§ **WORK ORDER**
Starting from the line that contains "using m by (simp add: exp_of_nat_mult[symmetric])", output every remaining line of the records below exactly as it appears, that line and the last one included.

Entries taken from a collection
lemma powr_le_const_mult_exp_half:
  fixes \<beta> :: real
  assumes "0 \<le> \<beta>"
  shows "\<exists>K>0. \<forall>t\<ge>0. t powr \<beta> \<le> K * exp (t / 2)"
proof -
  define m where "m = nat \<lceil>\<beta>\<rceil> + 1"
  have m: "m \<ge> 1" "\<beta> \<le> real m" using assms by (auto simp: m_def) linarith
  define K where "K = (2 * real m) ^ m + 1"
  have "t powr \<beta> \<le> K * exp (t / 2)" if t: "t \<ge> 0" for t
  proof (cases "t \<le> 1")
    case True
    then have "t powr \<beta> \<le> 1" using t assms by (intro powr_le1) auto
    also have "1 \<le> K * exp (t / 2)"
      using t mult_mono[of 1 K 1 "exp (t / 2)"] by (simp add: K_def)
    finally show ?thesis .
  next
    case False
    have "t powr \<beta> \<le> t ^ m" using False m by (simp add: powr_mono flip: powr_realpow)
    also have "\<dots> = (2 * real m) ^ m * (t / (2 * real m)) ^ m" using m by (simp add: power_divide)
    also have "\<dots> \<le> (2 * real m) ^ m * exp (t / (2 * real m)) ^ m"
    proof -
      have "t / (2 * real m) \<le> exp (t / (2 * real m))"
        using exp_ge_add_one_self[of "t / (2 * real m)"] by linarith
      then show ?thesis using False by (intro mult_left_mono power_mono) auto
    qed
    also have "exp (t / (2 * real m)) ^ m = exp (t / 2)"
      using m by (simp add: exp_of_nat_mult[symmetric])
    also have "(2 * real m) ^ m * exp (t / 2) \<le> K * exp (t / 2)" by (simp add: K_def)
    finally show ?thesis .
  qed
  moreover have "K > 0" unfolding K_def by (simp add: add_nonneg_pos)
  ultimately show ?thesis by blast
qed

§ **THE COMPLETED TASK**
      using m by (simp add: exp_of_nat_mult[symmetric])
    also have "(2 * real m) ^ m * exp (t / 2) \<le> K * exp (t / 2)" by (simp add: K_def)
    finally show ?thesis .
  qed
  moreover have "K > 0" unfolding K_def by (simp add: add_nonneg_pos)
  ultimately show ?thesis by blast
qed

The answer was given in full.